According to a Volvo Group news release on Tuesday, Oct. 16, “an emissions control component used in certain markets is degrading more quickly than expected.” Although the result is higher NOx emissions, Volvo Group claims that all vehicles equipped with component meet emissions standards at delivery.

Degradation is being blamed on a “materials issue” over time.

“The investigation so far indicates that the degradation does not seem to affect all vehicles and engines in the same way and to the same extent,” Volvo Group said in a statement. “The company is now in the process of informing the appropriate authorities in various markets, and beginning discussions regarding remediation plans.”

Exactly which markets and which vehicles are affected is unclear as of Oct. 17. Volvo Group pointed out that the largest volume of potentially affected engines were sold in North America and Europe. The company owns Volvo Trucks, Mack Trucks and Renault Trucks.

In 2017, Volvo Group reached its highest sales and operating income in the company’s history. Last year, Volvo Group sold more than 240,000 trucks in North America and more than 300,000 trucks throughout Europe. Between the two continents, Volvo Group expected an increase of 30,000 truck sales for 2018.

On Tuesday, Volvo’s stock plummeted nearly 9 percent after news of the degrading product surfaced

Volvo stock price chart

Volvo Group states that the defective component does not pose any safety issues or negatively affect performance outside of emissions control.

“A full analysis of the issue and plans with regulatory authorities are not completed and the company is therefore not yet able to estimate the volume of engines or vehicles that may need to be addressed,” Volvo Group said. “Consequently it is not possible to assess the financial impact at this stage; however the cost to redeem the issue could be material.”

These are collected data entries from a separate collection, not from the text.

(* Let $l>0$ and let $b:[0,l]\to\mathbb{R}$ be a continuous bathymetry profile. For a function $f$ on $[0,l]$ write $\overline{f}=\frac{1}{l}\int_0^l f(y)\,dy$. Define $$S(y)=\int_0^y\big(\overline{b}-b(s)\big)\,ds,\qquad \sigma(y)=\overline{S}-S(y),\qquad \chi=\overline{S^2}-\overline{S}^2,$$ so that $\frac{d\sigma}{dy}=b(y)-\overline{b}$. Let $\tau(t,x)>0$ and $u(t,x)$ be smooth functions and for any $f(t,x)$ write $\dot f=f_t+uf_x$. Assume $1-\tau\frac{d\sigma}{dy}(y)>0$ for all $y$ and $(t,x)$, and define $$M(t,x,y)=\int_0^y\left(\frac{\sigma(s)\,\ddot\tau}{1-\tau\frac{d\sigma}{ds}(s)}+\frac{\sigma(s)\frac{d\sigma}{ds}(s)\,\dot\tau^2}{\big(1-\tau\frac{d\sigma}{ds}(s)\big)^2}\right)ds+\frac{\sigma(y)^2\,\dot\tau^2}{2\big(1-\tau\frac{d\sigma}{dy}(y)\big)^2}.$$ Suppose the channel is wide in the sense that $\tau\frac{d\sigma}{dy}=\mathcal{O}(\varepsilon^\gamma)$ for some $\gamma>0$. Then, with the Lagrangian $$\mathcal{L}(\tau,\dot\tau)=-\chi\frac{\dot\tau^2}{2},$$ one has $$\overline{M\,\frac{d\sigma}{dy}}=-\left(\frac{\partial\mathcal{L}}{\partial\tau}-\frac{D}{Dt}\left(\frac{\partial\mathcal{L}}{\partial\dot\tau}\right)\right)+\mathcal{O}(\varepsilon^\gamma),$$ where $\frac{D}{Dt}=\partial_t+u\partial_x$ and $\overline{M\frac{d\sigma}{dy}}=\frac1l\int_0^l M\,\frac{d\sigma}{dy}\,dy$.
   Context: This arises from transverse averaging of the 2D shallow water equations in a prismatic channel of width $l$ with bathymetry $b(y)$; $\varepsilon>0$ is a small parameter (ratio of transverse to longitudinal length scales), $\tau=1/\overline{h}$ is the inverse of the section-averaged depth and $u$ the averaged longitudinal velocity. $\mathcal{O}(\varepsilon^\gamma)$ denotes terms bounded by a constant times $\varepsilon^\gamma$ as $\varepsilon\to0$. *)

theory Defs
  imports "HOL-Analysis.Analysis"
begin

definition avg :: "real \<Rightarrow> (real \<Rightarrow> real) \<Rightarrow> real" where
  "avg l f = integral {0..l} f / l"

definition Sfun :: "real \<Rightarrow> (real \<Rightarrow> real) \<Rightarrow> real \<Rightarrow> real" where
  "Sfun l b y = integral {0..y} (\<lambda>s. avg l b - b s)"

definition sigma :: "real \<Rightarrow> (real \<Rightarrow> real) \<Rightarrow> real \<Rightarrow> real" where
  "sigma l b y = avg l (Sfun l b) - Sfun l b y"

text \<open>d sigma / dy, which equals b(y) minus the mean of b (as stated in the paper).\<close>
definition dsigma :: "real \<Rightarrow> (real \<Rightarrow> real) \<Rightarrow> real \<Rightarrow> real" where
  "dsigma l b y = b y - avg l b"

definition chi :: "real \<Rightarrow> (real \<Rightarrow> real) \<Rightarrow> real" where
  "chi l b = avg l (\<lambda>y. (Sfun l b y)^2) - (avg l (Sfun l b))^2"

definition matdot :: "(real \<Rightarrow> real \<Rightarrow> real) \<Rightarrow> (real \<Rightarrow> real \<Rightarrow> real) \<Rightarrow> real \<Rightarrow> real \<Rightarrow> real" where
  "matdot u f t x = deriv (\<lambda>s. f s x) t + u t x * deriv (\<lambda>z. f t z) x"

definition Mfun :: "real \<Rightarrow> (real \<Rightarrow> real) \<Rightarrow> (real \<Rightarrow> real \<Rightarrow> real) \<Rightarrow> (real \<Rightarrow> real \<Rightarrow> real)
    \<Rightarrow> real \<Rightarrow> real \<Rightarrow> real \<Rightarrow> real" where
  "Mfun l b tau u t x y =
     integral {0..y} (\<lambda>s. sigma l b s * matdot u (matdot u tau) t x / (1 - tau t x * dsigma l b s)
        + sigma l b s * dsigma l b s * (matdot u tau t x)^2 / (1 - tau t x * dsigma l b s)^2)
     + (sigma l b y)^2 * (matdot u tau t x)^2 / (2 * (1 - tau t x * dsigma l b y)^2)"

definition Lag :: "real \<Rightarrow> (real \<Rightarrow> real) \<Rightarrow> real \<Rightarrow> real \<Rightarrow> real" where
  "Lag l b p q = - chi l b * q^2 / 2"

definition EL :: "real \<Rightarrow> (real \<Rightarrow> real) \<Rightarrow> (real \<Rightarrow> real \<Rightarrow> real) \<Rightarrow> (real \<Rightarrow> real \<Rightarrow> real)
    \<Rightarrow> real \<Rightarrow> real \<Rightarrow> real" where
  "EL l b tau u t x =
     deriv (\<lambda>p. Lag l b p (matdot u tau t x)) (tau t x)
     - matdot u (\<lambda>t' x'. deriv (\<lambda>q. Lag l b (tau t' x') q) (matdot u tau t' x')) t x"

end

(* Write F(y) = int_0^y sigma and q = 1 / (1 - tau sigma'). At tau = 0 (q = 1) the integrand of M
   is sigma tau'' + sigma sigma' tau'^2, so M = tau'' F + tau'^2 (sigma^2 - sigma(0)^2 / 2). Since
   F(l) = 0, integration by parts gives mean(F sigma') = -mean(sigma^2) = -chi (as sigma = mean(S) - S),
   and since sigma(l) = sigma(0) the exact derivative (sigma^2 - c) sigma' has mean zero. Hence at
   tau = 0, mean(M sigma') = -chi tau'', which is exactly minus the Euler-Lagrange expression.
   For |tau sigma'| <= 1/2 both q - 1 and q^2 - 1 are O(tau sigma') = O(eps^gamma), uniformly as
   long as b, tau' and tau'' stay bounded; this gives the error term. *)

theory Submission
  imports Defs
begin

lemma fundamental_theorem_of_calculus_real:
  fixes f f' :: "real \<Rightarrow> real"
  assumes "a \<le> b" and "\<And>x. x \<in> {a..b} \<Longrightarrow> (f has_real_derivative f' x) (at x within {a..b})"
  shows "(f' has_integral (f b - f a)) {a..b}"
  using assms by (intro fundamental_theorem_of_calculus)
    (simp_all add: has_real_derivative_iff_has_vector_derivative)

lemma abs_avg_le:
  assumes "l > 0" and "continuous_on {0..l} f" and "\<And>y. y \<in> {0..l} \<Longrightarrow> \<bar>f y\<bar> \<le> A"
  shows "\<bar>avg l f\<bar> \<le> A"
proof -
  have "norm (integral {0..l} f) \<le> A * (l - 0)"
    using assms by (intro integral_bound) auto
  then show ?thesis
    using \<open>l > 0\<close> by (simp add: avg_def field_simps)
qed

lemma abs_mult_le_mult:
  fixes a c :: "'a :: linordered_idom"
  assumes "\<bar>a\<bar> \<le> A" and "\<bar>c\<bar> \<le> C"
  shows "\<bar>a * c\<bar> \<le> A * C"
  using assms by (simp add: abs_mult mult_mono')

lemma avg_lincomb:
  assumes "f integrable_on {0..l}" and "g integrable_on {0..l}"
  shows "avg l (\<lambda>y. a * f y + c * g y) = a * avg l f + c * avg l g"
  using assms by (simp add: avg_def integral_add integrable_on_mult_right add_divide_distrib)

lemma abs_inverse_one_minus_sub_one_le:
  fixes r :: real
  assumes "\<bar>r\<bar> \<le> 1/2"
  shows "\<bar>1 / (1 - r) - 1\<bar> \<le> 2 * \<bar>r\<bar>"
proof -
  have "1 / (1 - r) - 1 = r / (1 - r)"
    using assms by (simp add: field_simps)
  also have "\<bar>\<dots>\<bar> \<le> \<bar>r\<bar> / (1/2)"
    unfolding abs_divide using assms by (intro divide_left_mono) auto
  finally show ?thesis
    by simp
qed

lemma abs_inverse_one_minus_square_sub_one_le:
  fixes r :: real
  assumes "\<bar>r\<bar> \<le> 1/2"
  shows "\<bar>1 / (1 - r)^2 - 1\<bar> \<le> 10 * \<bar>r\<bar>"
proof -
  have "(1/2)^2 \<le> (1 - r)^2"
    using assms by (intro power_mono) auto
  then have q: "1/4 \<le> (1 - r)^2"
    by (simp add: power2_eq_square)
  have "1 / (1 - r)^2 - 1 = r * (2 - r) / (1 - r)^2"
    using assms by (simp add: divide_simps) (simp add: power2_eq_square algebra_simps)
  also have "\<bar>\<dots>\<bar> \<le> \<bar>r\<bar> * (5/2) / (1/4)"
    unfolding abs_divide abs_mult using assms q
    by (intro frac_le mult_left_mono) auto
  finally show ?thesis
    by simp
qed

text \<open>\<open>M(t, x, \<cdot>)\<close> depends on \<open>(t, x)\<close> only through \<open>T = \<tau>\<close>, \<open>P = \<tau>''\<close> and \<open>V = \<tau>'\<close>.\<close>
definition Mintegrand :: "real \<Rightarrow> (real \<Rightarrow> real) \<Rightarrow> real \<Rightarrow> real \<Rightarrow> real \<Rightarrow> real \<Rightarrow> real" where
  "Mintegrand l b T P V s =
     sigma l b s * P / (1 - T * dsigma l b s) + sigma l b s * dsigma l b s * V^2 / (1 - T * dsigma l b s)^2"

definition Mprofile :: "real \<Rightarrow> (real \<Rightarrow> real) \<Rightarrow> real \<Rightarrow> real \<Rightarrow> real \<Rightarrow> real \<Rightarrow> real" where
  "Mprofile l b T P V y =
     integral {0..y} (Mintegrand l b T P V) + (sigma l b y)^2 * V^2 / (2 * (1 - T * dsigma l b y)^2)"

lemma Mfun_eq_Mprofile:
  "Mfun l b tau u t x y = Mprofile l b (tau t x) (matdot u (matdot u tau) t x) (matdot u tau t x) y"
  unfolding Mfun_def Mprofile_def Mintegrand_def ..

context
  fixes l :: real and b :: "real \<Rightarrow> real"
  assumes l_pos: "l > 0" and b_cont: "continuous_on {0..l} b"
begin

lemma continuous_on_dsigma: "continuous_on {0..l} (dsigma l b)"
  unfolding dsigma_def by (intro continuous_intros b_cont)

lemma continuous_on_Sfun: "continuous_on {0..l} (Sfun l b)"
  unfolding Sfun_def[abs_def]
  by (intro indefinite_integral_continuous_1 integrable_continuous_real continuous_intros b_cont)

lemma sigma_has_derivative:
  assumes "y \<in> {0..l}"
  shows "(sigma l b has_real_derivative dsigma l b y) (at y within {0..l})"
proof -
  have "(Sfun l b has_real_derivative avg l b - b y) (at y within {0..l})"
    unfolding Sfun_def[abs_def]
    by (intro integral_has_real_derivative continuous_intros b_cont assms)
  then show ?thesis
    unfolding sigma_def[abs_def] dsigma_def by (auto intro!: derivative_eq_intros)
qed

lemma continuous_on_sigma: "continuous_on {0..l} (sigma l b)"
  unfolding sigma_def[abs_def] by (intro continuous_intros continuous_on_Sfun)

lemma sigma_right_eq_left: "sigma l b l = sigma l b 0"
proof -
  have "Sfun l b l = integral {0..l} (\<lambda>s. avg l b) - integral {0..l} b"
    unfolding Sfun_def by (intro integral_diff integrable_continuous_real b_cont) auto
  also have "\<dots> = 0"
    using l_pos by (simp add: avg_def)
  finally show ?thesis
    by (simp add: sigma_def Sfun_def)
qed

lemma integral_sigma: "integral {0..l} (sigma l b) = 0"
proof -
  have "integral {0..l} (sigma l b)
      = integral {0..l} (\<lambda>y. avg l (Sfun l b)) - integral {0..l} (Sfun l b)"
    unfolding sigma_def[abs_def]
    by (intro integral_diff integrable_continuous_real continuous_on_Sfun) auto
  then show ?thesis
    using l_pos by (simp add: avg_def)
qed

lemma integral_sigma_square: "integral {0..l} (\<lambda>y. (sigma l b y)^2) = l * chi l b"
proof -
  define c where "c = avg l (Sfun l b)"
  have int_S: "integral {0..l} (Sfun l b) = l * c"
    using l_pos by (simp add: c_def avg_def)
  have "integral {0..l} (\<lambda>y. (sigma l b y)^2)
      = integral {0..l} (\<lambda>y. c^2 - 2 * c * Sfun l b y + (Sfun l b y)^2)"
    by (simp add: sigma_def c_def power2_eq_square algebra_simps)
  also have "\<dots> = l * c^2 - 2 * c * (l * c) + integral {0..l} (\<lambda>y. (Sfun l b y)^2)"
    using has_integral_const_real[of "c^2" 0 l] l_pos unfolding int_S[symmetric]
    by (intro integral_unique has_integral_add has_integral_diff has_integral_mult_right
        integrable_integral integrable_continuous_real continuous_intros continuous_on_Sfun)
      (auto simp: mult.commute)
  also have "\<dots> = l * chi l b"
    using l_pos unfolding chi_def c_def[symmetric] by (simp add: avg_def field_simps power2_eq_square)
  finally show ?thesis .
qed

lemma avg_integral_sigma_mult_dsigma:
  "avg l (\<lambda>y. integral {0..y} (sigma l b) * dsigma l b y) = - chi l b"
proof -
  define F where "F y = integral {0..y} (sigma l b)" for y
  have F_deriv: "(F has_real_derivative sigma l b y) (at y within {0..l})" if "y \<in> {0..l}" for y
    unfolding F_def[abs_def] by (intro integral_has_real_derivative continuous_on_sigma that)
  have "((\<lambda>y. (sigma l b y)^2 + F y * dsigma l b y) has_integral F l * sigma l b l - F 0 * sigma l b 0) {0..l}"
    using l_pos
    by (intro fundamental_theorem_of_calculus_real)
      (auto intro!: derivative_eq_intros F_deriv sigma_has_derivative simp: power2_eq_square)
  then have "integral {0..l} (\<lambda>y. (sigma l b y)^2 + F y * dsigma l b y) = 0"
    by (simp add: F_def integral_sigma integral_unique)
  moreover have "continuous_on {0..l} F"
    unfolding F_def[abs_def]
    by (intro indefinite_integral_continuous_1 integrable_continuous_real continuous_on_sigma)
  then have "integral {0..l} (\<lambda>y. (sigma l b y)^2 + F y * dsigma l b y)
      = integral {0..l} (\<lambda>y. (sigma l b y)^2) + integral {0..l} (\<lambda>y. F y * dsigma l b y)"
    by (intro integral_add integrable_continuous_real continuous_intros continuous_on_sigma
        continuous_on_dsigma)
  ultimately show ?thesis
    using l_pos by (simp add: F_def avg_def integral_sigma_square field_simps)
qed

Although the issue deals with emissions, Volvo Group’s situation appears to be different than what Volkswagen has been going through. Whereas Volvo Group’s problem seems to stem from a part made by another company, Volkswagen’s emissions scandal was a malicious attempt to bypass emissions standards committed in house. On Tuesday, Audi AG – owned by Volkswagen – was fined 800 million euros for the scandal, equivalent to approximately $923.3 million.